#### DATASET EXCERPTS:
******

(* Let $K$ be a connected simplicial complex, let $E$ be the set of edges of a spanning tree of $K$, and let $p$ be a vertex of $K$. Then $\mathcal{G}(K)\cong \mathrm{F}(E)*\pi_1(K,p)$, where $\mathrm{F}(E)$ is the free group on $E$. In particular $\pi_1(K,p)$ is a doubly free factor of $\mathcal{G}(K)$.
   Context: A simplicial complex $K$ is a collection of nonempty finite subsets (simplices) of a vertex set such that every singleton is a simplex and nonempty subsets of simplices are simplices. The floating homotopy group $\mathcal{G}(K)$ is the group presented by generators $[x,y]$ for all vertices $x,y$ with $\{x,y\}$ a simplex (including $x=y$), and relations $[x,z]=[x,y]\cdot[y,z]$ whenever $\{x,y,z\}$ is a simplex (vertices not necessarily distinct). $\pi_1(K,p)$ is the edge-path fundamental group of $K$ at $p$. A group $G$ is a doubly free factor of $H$ if $H\cong F*G$ for some free group $F$, $*$ denoting free product. *)

theory Defs
  imports "HOL-Algebra.Group"
begin

definition simplicial_complex :: "'v set set \<Rightarrow> bool" where
  "simplicial_complex K \<longleftrightarrow>
     (\<forall>\<sigma>\<in>K. \<sigma> \<noteq> {} \<and> finite \<sigma>) \<and>
     (\<forall>\<sigma>\<in>K. \<forall>\<tau>. \<tau> \<noteq> {} \<and> \<tau> \<subseteq> \<sigma> \<longrightarrow> \<tau> \<in> K)"

definition vertices :: "'v set set \<Rightarrow> 'v set" where
  "vertices K = \<Union>K"

definition sc_connected :: "'v set set \<Rightarrow> bool" where
  "sc_connected K \<longleftrightarrow>
     (\<forall>x\<in>vertices K. \<forall>y\<in>vertices K. (\<lambda>a b. {a, b} \<in> K)\<^sup>*\<^sup>* x y)"

definition graph_connected :: "'v set \<Rightarrow> 'v set set \<Rightarrow> bool" where
  "graph_connected V E \<longleftrightarrow> (\<forall>x\<in>V. \<forall>y\<in>V. (\<lambda>a b. {a, b} \<in> E)\<^sup>*\<^sup>* x y)"

definition has_cycle :: "'v set set \<Rightarrow> bool" where
  "has_cycle E \<longleftrightarrow> (\<exists>vs. length vs \<ge> 3 \<and> distinct vs \<and>
      (\<forall>i < length vs - 1. {vs ! i, vs ! Suc i} \<in> E) \<and> {last vs, hd vs} \<in> E)"

definition spanning_tree_edges :: "'v set set \<Rightarrow> 'v set set \<Rightarrow> bool" where
  "spanning_tree_edges K E \<longleftrightarrow>
     E \<subseteq> {\<sigma>\<in>K. card \<sigma> = 2} \<and> graph_connected (vertices K) E \<and> \<not> has_cycle E"

type_synonym 's word = "('s \<times> bool) list"  \<comment> \<open>True = generator, False = its inverse\<close>

definition words :: "'s set \<Rightarrow> 's word set" where
  "words S = {w. \<forall>x\<in>set w. fst x \<in> S}"

inductive pres_step :: "'s set \<Rightarrow> ('s word \<times> 's word) set \<Rightarrow> 's word \<Rightarrow> 's word \<Rightarrow> bool"
  for S R where
  cancel: "s \<in> S \<Longrightarrow> pres_step S R (u @ [(s, b), (s, \<not> b)] @ v) (u @ v)"
| rel: "(l, r) \<in> R \<Longrightarrow> pres_step S R (u @ l @ v) (u @ r @ v)"

definition pres_eq :: "'s set \<Rightarrow> ('s word \<times> 's word) set \<Rightarrow> 's word \<Rightarrow> 's word \<Rightarrow> bool" where
  "pres_eq S R = (\<lambda>a b. pres_step S R a b \<or> pres_step S R b a)\<^sup>*\<^sup>*"

definition pres_class :: "'s set \<Rightarrow> ('s word \<times> 's word) set \<Rightarrow> 's word \<Rightarrow> 's word set" where
  "pres_class S R w = {w' \<in> words S. pres_eq S R w w'}"

definition presented_group :: "'s set \<Rightarrow> ('s word \<times> 's word) set \<Rightarrow> 's word set monoid" where
  "presented_group S R =
     \<lparr> carrier = pres_class S R ` words S,
       mult = (\<lambda>A B. pres_class S R ((SOME a. a \<in> A) @ (SOME b. b \<in> B))),
       one = pres_class S R [] \<rparr>"

definition free_group :: "'s set \<Rightarrow> 's word set monoid" where
  "free_group X = presented_group X {}"

definition free_product :: "('a, 'm) monoid_scheme \<Rightarrow> ('b, 'n) monoid_scheme \<Rightarrow> ('a + 'b) word set monoid" where
  "free_product G H = presented_group (Inl ` carrier G \<union> Inr ` carrier H)
     ({([(Inl a, True), (Inl b, True)], [(Inl (a \<otimes>\<^bsub>G\<^esub> b), True)]) | a b. a \<in> carrier G \<and> b \<in> carrier G}
      \<union> {([(Inr a, True), (Inr b, True)], [(Inr (a \<otimes>\<^bsub>H\<^esub> b), True)]) | a b. a \<in> carrier H \<and> b \<in> carrier H})"

definition floating_group :: "'v set set \<Rightarrow> ('v \<times> 'v) word set monoid" where
  "floating_group K = presented_group {(x, y). {x, y} \<in> K}
     {([((x, z), True)], [((x, y), True), ((y, z), True)]) | x y z. {x, y, z} \<in> K}"

definition edge_path :: "'v set set \<Rightarrow> 'v list \<Rightarrow> bool" where
  "edge_path K vs \<longleftrightarrow> vs \<noteq> [] \<and> (\<forall>i < length vs - 1. {vs ! i, vs ! Suc i} \<in> K)"

definition edge_loops :: "'v set set \<Rightarrow> 'v \<Rightarrow> 'v list set" where
  "edge_loops K p = {vs. edge_path K vs \<and> hd vs = p \<and> last vs = p}"

inductive ep_step :: "'v set set \<Rightarrow> 'v list \<Rightarrow> 'v list \<Rightarrow> bool" for K where
  tri: "{x, y, z} \<in> K \<Longrightarrow> ep_step K (u @ [x, y, z] @ v) (u @ [x, z] @ v)"
| dup: "ep_step K (u @ [x, x] @ v) (u @ [x] @ v)"

definition ep_eq :: "'v set set \<Rightarrow> 'v list \<Rightarrow> 'v list \<Rightarrow> bool" where
  "ep_eq K = (\<lambda>a b. ep_step K a b \<or> ep_step K b a)\<^sup>*\<^sup>*"

definition ep_class :: "'v set set \<Rightarrow> 'v \<Rightarrow> 'v list \<Rightarrow> 'v list set" where
  "ep_class K p w = {w' \<in> edge_loops K p. ep_eq K w w'}"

******

#### WHAT IS BEING ASKED:
Where a line of the listing contains "esub", count it; your answer must be only the resulting number.

#### WRITTEN ANSWER:
2